Ibrahim Touré

Personal information
- Full name: Ibrahim Obyala Touré Touré Oyala Ibrahim
- Date of birth: 27 September 1985
- Place of birth: Bouaké, Ivory Coast
- Date of death: 19 June 2014 (aged 28)
- Place of death: Manchester, England
- Height: 1.90 m (6 ft 3 in)
- Position: Striker

Youth career
- 2002: ASEC Mimosas

Senior career*
- Years: Team / Apps / (Gls)
- 2002–2003: ASEC Mimosas
- 2003–2006: Metalurh Donetsk / 0 / (0)
- 2006–2007: Nice / 0 / (0)
- 2009–2010: Al-Ittihad Aleppo
- 2010–2013: Misr Lel Makasa / 24 / (8)
- 2012: → Telephonat Beni Suef (loan) / 2 / (0)
- 2013–2014: Safa / 10 / (6)

= Ibrahim Touré (footballer, born 1985) =

English footballer (1985–2014)

Ibrahim Obyala Touré (27 September 1985 – 19 June 2014) was an Ivorian professional footballer who played as a striker. He was the younger brother of former Manchester City midfielder Yaya Touré and former Arsenal and Liverpool defender Kolo Touré.

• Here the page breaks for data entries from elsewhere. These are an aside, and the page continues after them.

text \<open>Distributing \<open>n\<^sub>1 + n\<^sub>2\<close> items as evenly as possible over \<open>d\<close> colours, where the
  colours in \<open>R\<close> receive one extra item, can be realised by distributing \<open>n\<^sub>1\<close> and
  \<open>n\<^sub>2\<close> evenly: without a carry from the remainders, \<open>R\<close> is partitioned; with a carry,
  the two sets of colours receiving an extra item cover all colours and meet in \<open>R\<close>.\<close>

lemma split_remainder_set:
  fixes n1 n2 d :: nat
  assumes "0 < d" "R \<subseteq> {1..d}" "card R = (n1 + n2) mod d"
  obtains R1 R2 where "R1 \<subseteq> {1..d}" "R2 \<subseteq> {1..d}" "card R1 = n1 mod d" "card R2 = n2 mod d"
    "\<And>i. i \<in> {1..d} \<Longrightarrow>
       n1 div d + of_bool (i \<in> R1) + (n2 div d + of_bool (i \<in> R2)) = (n1 + n2) div d + of_bool (i \<in> R)"
proof (cases "n1 mod d + n2 mod d < d")
  case True
  then have q: "(n1 + n2) div d = n1 div d + n2 div d"
    and r: "(n1 + n2) mod d = n1 mod d + n2 mod d"
    by (simp_all add: div_add1_eq[of n1 n2 d] flip: mod_add_eq[of n1 d n2])
  have "finite R" "card R = n1 mod d + n2 mod d"
    using finite_subset[OF assms(2)] assms(3) r by simp_all
  then obtain R1 R2 where R12: "R1 \<union> R2 = R" "R1 \<inter> R2 = {}"
    and card: "card R1 = n1 mod d" "card R2 = n2 mod d"
    by (rule obtain_partition_with_cards)
  show ?thesis
  proof (rule that[OF _ _ card])
    have "i \<in> R \<longleftrightarrow> i \<in> R1 \<or> i \<in> R2" "\<not> (i \<in> R1 \<and> i \<in> R2)" for i
      using R12 by blast+
    then show "n1 div d + of_bool (i \<in> R1) + (n2 div d + of_bool (i \<in> R2)) =
      (n1 + n2) div d + of_bool (i \<in> R)" for i
      using q by auto
  qed (use R12 assms(2) in auto)
next
  case False
  have small: "n1 mod d < d" "n2 mod d < d"
    using assms(1) by simp_all
  then have "n1 mod d + n2 mod d - d < d"
    by linarith
  then have "(n1 mod d + n2 mod d) div d = 1"
    using False by (simp add: le_div_geq)
  then have q: "(n1 + n2) div d = Suc (n1 div d + n2 div d)"
    by (simp add: div_add1_eq[of n1 n2 d])
  have cR: "card R = n1 mod d + n2 mod d - d"
    using assms(3) small False by (simp add: le_mod_geq flip: mod_add_eq[of n1 d n2])
  then have "card R + card {1..d} = n1 mod d + n2 mod d"
    using False by simp
  moreover have "card R \<le> n1 mod d" "card R \<le> n2 mod d"
    using cR small by linarith+
  ultimately obtain R1 R2 where R12: "R1 \<union> R2 = {1..d}" "R1 \<inter> R2 = R"
    and card: "card R1 = n1 mod d" "card R2 = n2 mod d"
    by (rule obtain_cover_with_intersection[OF finite_atLeastAtMost assms(2)])
  show ?thesis
  proof (rule that[OF _ _ card])
    fix i
    assume "i \<in> {1..d}"
    then have "i \<in> R1 \<or> i \<in> R2" "i \<in> R \<longleftrightarrow> i \<in> R1 \<and> i \<in> R2"
      using R12 by blast+
    then show "n1 div d + of_bool (i \<in> R1) + (n2 div d + of_bool (i \<in> R2)) =
      (n1 + n2) div d + of_bool (i \<in> R)"
      using q by auto
  qed (use R12 in auto)
qed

Touré began his senior career with Ukrainian side Metalurh Donetsk in 2003, before joining French team Nice, originally on loan, following a successful trial. He also played for Al-Ittihad Aleppo, Makasa, Makasa, and Al-Safa. Touré died on 19 June 2014 in Manchester, England, from cancer. The Ivory Coast FA confirmed in a statement that the 28-year-old died in Manchester.